Data excerpts -
+-------+

(* Let $G$ be a compact Lie group, $H$ a closed subgroup, $V$ a finite-dimensional orthogonal representation of $H$, and $\sigma\in\mathcal R_G([H])$. Then $\mathrm{sym}_{H,\sigma}(V)$ is a submanifold of $\mathrm{sym}_H(V)$ of codimension $d(\sigma)$. Moreover, if $s\in\mathrm{sym}_{H,\sigma}(V)$, $L\subseteq\mathrm{sym}_H(V)$ is a linear subspace, and $\Pi:V\to\ker s$ is the orthogonal projection, then $s+L$ is transverse to $\mathrm{sym}_{H,\sigma}(V)$ if and only if the map $\varphi:L\to\mathrm{sym}_H(\ker s)$, $\varphi(l)(x)=\Pi(l(x))$, is surjective.
   Context: $\mathcal R_G$ is the set of isomorphism classes of $(K,W,\rho)$ with $K$ a closed subgroup of $G$ and $\rho$ a finite-dimensional real representation of $K$, where $(K,W,\rho)\cong(K',W',\rho')$ iff $K'=gKg^{-1}$ and $\rho'(gkg^{-1})=\varphi\rho(k)\varphi^{-1}$ for some $g\in G$ and linear iso $\varphi$; $\mathcal R_G([H])$ is the set of classes represented by representations of $H$. For an orthogonal $H$-representation $W$, $\mathrm{sym}_H(W)$ is the space of $H$-equivariant symmetric linear maps $W\to W$. $\mathrm{sym}_{H,\sigma}(V)$ is the set of $s\in\mathrm{sym}_H(V)$ with $\ker s$ (as an $H$-representation) representing $\sigma$. For $\sigma$ represented by $(K,W)$, $d(\sigma)=\dim_{\mathbb R}\mathrm{sym}_K(W)$ (independent of choices). *)

theory Defs
  imports "HOL-Analysis.Analysis"
begin

definition matrix_group :: "(real^'n^'n) set \<Rightarrow> bool" where
  "matrix_group G \<longleftrightarrow> mat 1 \<in> G \<and>
     (\<forall>a\<in>G. invertible a \<and> matrix_inv a \<in> G) \<and> (\<forall>a\<in>G. \<forall>b\<in>G. a ** b \<in> G)"

(* a compact Lie group, realised as a compact subgroup of GL_n(R) *)
definition compact_lie_group :: "(real^'n^'n) set \<Rightarrow> bool" where
  "compact_lie_group G \<longleftrightarrow> matrix_group G \<and> compact G"

definition closed_subgroup :: "(real^'n^'n) set \<Rightarrow> (real^'n^'n) set \<Rightarrow> bool" where
  "closed_subgroup H G \<longleftrightarrow> H \<subseteq> G \<and> matrix_group H \<and> closed H"

definition is_rep :: "(real^'n^'n) set \<Rightarrow> 'w::euclidean_space set \<Rightarrow> (real^'n^'n \<Rightarrow> 'w \<Rightarrow> 'w) \<Rightarrow> bool" where
  "is_rep K W \<rho> \<longleftrightarrow> subspace W \<and>
     (\<forall>k\<in>K. \<forall>x\<in>W. \<rho> k x \<in> W) \<and>
     (\<forall>k\<in>K. \<forall>x\<in>W. \<forall>y\<in>W. \<rho> k (x + y) = \<rho> k x + \<rho> k y) \<and>
     (\<forall>k\<in>K. \<forall>c. \<forall>x\<in>W. \<rho> k (c *\<^sub>R x) = c *\<^sub>R \<rho> k x) \<and>
     (\<forall>x\<in>W. \<rho> (mat 1) x = x) \<and>
     (\<forall>k1\<in>K. \<forall>k2\<in>K. \<forall>x\<in>W. \<rho> (k1 ** k2) x = \<rho> k1 (\<rho> k2 x)) \<and>
     (\<forall>x\<in>W. continuous_on K (\<lambda>k. \<rho> k x))"

definition orth_rep :: "(real^'n^'n) set \<Rightarrow> (real^'n^'n \<Rightarrow> ('v::euclidean_space \<Rightarrow>\<^sub>L 'v)) \<Rightarrow> bool" where
  "orth_rep H \<rho> \<longleftrightarrow> is_rep H UNIV (\<lambda>h. blinfun_apply (\<rho> h)) \<and> continuous_on H \<rho> \<and>
     (\<forall>h\<in>H. \<forall>x. norm (blinfun_apply (\<rho> h) x) = norm x)"

definition symH :: "(real^'n^'n) set \<Rightarrow> (real^'n^'n \<Rightarrow> ('v::euclidean_space \<Rightarrow>\<^sub>L 'v)) \<Rightarrow> ('v \<Rightarrow>\<^sub>L 'v) set" where
  "symH H \<rho> = {s. (\<forall>x y. inner (blinfun_apply s x) y = inner x (blinfun_apply s y)) \<and>
     (\<forall>h\<in>H. \<forall>x. blinfun_apply s (blinfun_apply (\<rho> h) x) = blinfun_apply (\<rho> h) (blinfun_apply s x))}"

definition kernel :: "('v::real_normed_vector \<Rightarrow>\<^sub>L 'v) \<Rightarrow> 'v set" where
  "kernel s = {x. blinfun_apply s x = 0}"

(* sym_H(U) for an H-invariant subspace U of V, maps given by their values on U *)
definition symH_sub :: "(real^'n^'n) set \<Rightarrow> (real^'n^'n \<Rightarrow> ('v::euclidean_space \<Rightarrow>\<^sub>L 'v)) \<Rightarrow> 'v set \<Rightarrow> ('v \<Rightarrow> 'v) set" where
  "symH_sub H \<rho> U = {f. (\<forall>x\<in>U. f x \<in> U) \<and>
     (\<forall>x\<in>U. \<forall>y\<in>U. f (x + y) = f x + f y) \<and> (\<forall>c. \<forall>x\<in>U. f (c *\<^sub>R x) = c *\<^sub>R f x) \<and>
     (\<forall>x\<in>U. \<forall>y\<in>U. inner (f x) y = inner x (f y)) \<and>
     (\<forall>h\<in>H. \<forall>x\<in>U. f (blinfun_apply (\<rho> h) x) = blinfun_apply (\<rho> h) (f x))}"

definition orth_proj :: "'v::euclidean_space set \<Rightarrow> 'v \<Rightarrow> 'v" where
  "orth_proj U x = (THE p. p \<in> U \<and> (\<forall>u\<in>U. inner (x - p) u = 0))"

(* (H, U, rho|U) is isomorphic to (H, W, rhoW) in R_G *)
definition rep_iso_G :: "(real^'n^'n) set \<Rightarrow> (real^'n^'n) set \<Rightarrow>
    (real^'n^'n \<Rightarrow> 'v \<Rightarrow> 'v) \<Rightarrow> 'v::euclidean_space set \<Rightarrow>
    (real^'n^'n \<Rightarrow> 'w \<Rightarrow> 'w) \<Rightarrow> 'w::euclidean_space set \<Rightarrow> bool" where
  "rep_iso_G G H \<rho> U \<rho>W W \<longleftrightarrow>
     (\<exists>g\<in>G. H = (\<lambda>k. g ** k ** matrix_inv g) ` H \<and>
       (\<exists>\<phi>. linear \<phi> \<and> bij_betw \<phi> U W \<and>
          (\<forall>k\<in>H. \<forall>x\<in>U. \<rho>W (g ** k ** matrix_inv g) (\<phi> x) = \<phi> (\<rho> k x))))"

(* sym_{H,sigma}(V), sigma represented by (H, W, rhoW) *)
definition symH_sigma :: "(real^'n^'n) set \<Rightarrow> (real^'n^'n) set \<Rightarrow>
    (real^'n^'n \<Rightarrow> ('v::euclidean_space \<Rightarrow>\<^sub>L 'v)) \<Rightarrow>
    (real^'n^'n \<Rightarrow> 'w \<Rightarrow> 'w) \<Rightarrow> 'w::euclidean_space set \<Rightarrow> ('v \<Rightarrow>\<^sub>L 'v) set" where
  "symH_sigma G H \<rho> \<rho>W W =
     {s \<in> symH H \<rho>. rep_iso_G G H (\<lambda>h. blinfun_apply (\<rho> h)) (kernel s) \<rho>W W}"

definition inv_inner :: "(real^'n^'n) set \<Rightarrow> (real^'n^'n \<Rightarrow> 'w \<Rightarrow> 'w) \<Rightarrow> 'w::euclidean_space set \<Rightarrow>
    ('w \<Rightarrow> 'w \<Rightarrow> real) \<Rightarrow> bool" where
  "inv_inner K \<rho> W b \<longleftrightarrow>
     (\<forall>x\<in>W. \<forall>y\<in>W. b x y = b y x) \<and>
     (\<forall>x\<in>W. \<forall>y\<in>W. \<forall>z\<in>W. b (x + y) z = b x z + b y z) \<and>
     (\<forall>c. \<forall>x\<in>W. \<forall>y\<in>W. b (c *\<^sub>R x) y = c * b x y) \<and>
     (\<forall>x\<in>W. x \<noteq> 0 \<longrightarrow> b x x > 0) \<and>
     (\<forall>k\<in>K. \<forall>x\<in>W. \<forall>y\<in>W. b (\<rho> k x) (\<rho> k y) = b x y)"

(* sym_K(W) w.r.t. the invariant inner product b; a map W -> W is encoded as
   the linear map on the ambient space that vanishes on the orthogonal complement of W *)
definition sym_rep :: "(real^'n^'n) set \<Rightarrow> (real^'n^'n \<Rightarrow> 'w \<Rightarrow> 'w) \<Rightarrow> 'w::euclidean_space set \<Rightarrow>
    ('w \<Rightarrow> 'w \<Rightarrow> real) \<Rightarrow> ('w \<Rightarrow>\<^sub>L 'w) set" where
  "sym_rep K \<rho> W b = {f. (\<forall>x\<in>W. blinfun_apply f x \<in> W) \<and>
      (\<forall>x. (\<forall>w\<in>W. inner x w = 0) \<longrightarrow> blinfun_apply f x = 0) \<and>
      (\<forall>x\<in>W. \<forall>y\<in>W. b (blinfun_apply f x) y = b x (blinfun_apply f y)) \<and>
      (\<forall>k\<in>K. \<forall>x\<in>W. blinfun_apply f (\<rho> k x) = \<rho> k (blinfun_apply f x))}"

definition d_sigma :: "(real^'n^'n) set \<Rightarrow> (real^'n^'n \<Rightarrow> 'w \<Rightarrow> 'w) \<Rightarrow> 'w::euclidean_space set \<Rightarrow> nat" where
  "d_sigma K \<rho> W = dim (sym_rep K \<rho> W (SOME b. inv_inner K \<rho> W b))"

(* C^infinity: all iterated directional derivatives exist (Frechet) on the open set U *)
definition C_infinity_on :: "'a::real_normed_vector set \<Rightarrow> ('a \<Rightarrow> 'b::real_normed_vector) \<Rightarrow> bool" where
  "C_infinity_on U f \<longleftrightarrow> (\<exists>S. f \<in> S \<and>
     (\<forall>g\<in>S. g differentiable_on U \<and> (\<forall>v. (\<lambda>x. frechet_derivative g (at x) v) \<in> S)))"

(* M is a smooth embedded submanifold of codimension k of the finite-dim. linear subspace E:
   locally the zero set in E of a smooth submersion E \<supseteq> E\<inter>U \<rightarrow> Y with dim Y = k *)
definition submanifold_codim :: "'a::real_normed_vector set \<Rightarrow> 'a set \<Rightarrow> nat \<Rightarrow> bool" where
  "submanifold_codim E M k \<longleftrightarrow> subspace E \<and> M \<subseteq> E \<and>
     (\<forall>p\<in>M. \<exists>U (F::'a \<Rightarrow> 'a) Y. open U \<and> p \<in> U \<and> subspace Y \<and> dim Y = k \<and> C_infinity_on U F \<and>
        (\<forall>q\<in>E \<inter> U. F q \<in> Y \<and> frechet_derivative F (at q) ` E = Y) \<and>
        M \<inter> U = {q \<in> E \<inter> U. F q = 0})"

definition tangent_space :: "'a::real_normed_vector set \<Rightarrow> 'a \<Rightarrow> 'a set" where
  "tangent_space M p = {v. \<exists>\<gamma> e. e > 0 \<and> \<gamma> 0 = p \<and> (\<forall>t\<in>{-e<..<e}. \<gamma> t \<in> M) \<and>
       (\<gamma> has_vector_derivative v) (at 0)}"

(* the affine subspace p + L is transverse to M (inside E) at the point p \<in> M *)
definition transverse_at :: "'a::real_normed_vector set \<Rightarrow> 'a set \<Rightarrow> 'a set \<Rightarrow> 'a \<Rightarrow> bool" where
  "transverse_at E L M p \<longleftrightarrow> p \<in> M \<and> {a + b | a b. a \<in> tangent_space M p \<and> b \<in> L} = E"

end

+-------+

To do - List, from the entries above, every line in which the word "rhoW" shows up.

Task response -
(* (H, U, rho|U) is isomorphic to (H, W, rhoW) in R_G *)
(* sym_{H,sigma}(V), sigma represented by (H, W, rhoW) *)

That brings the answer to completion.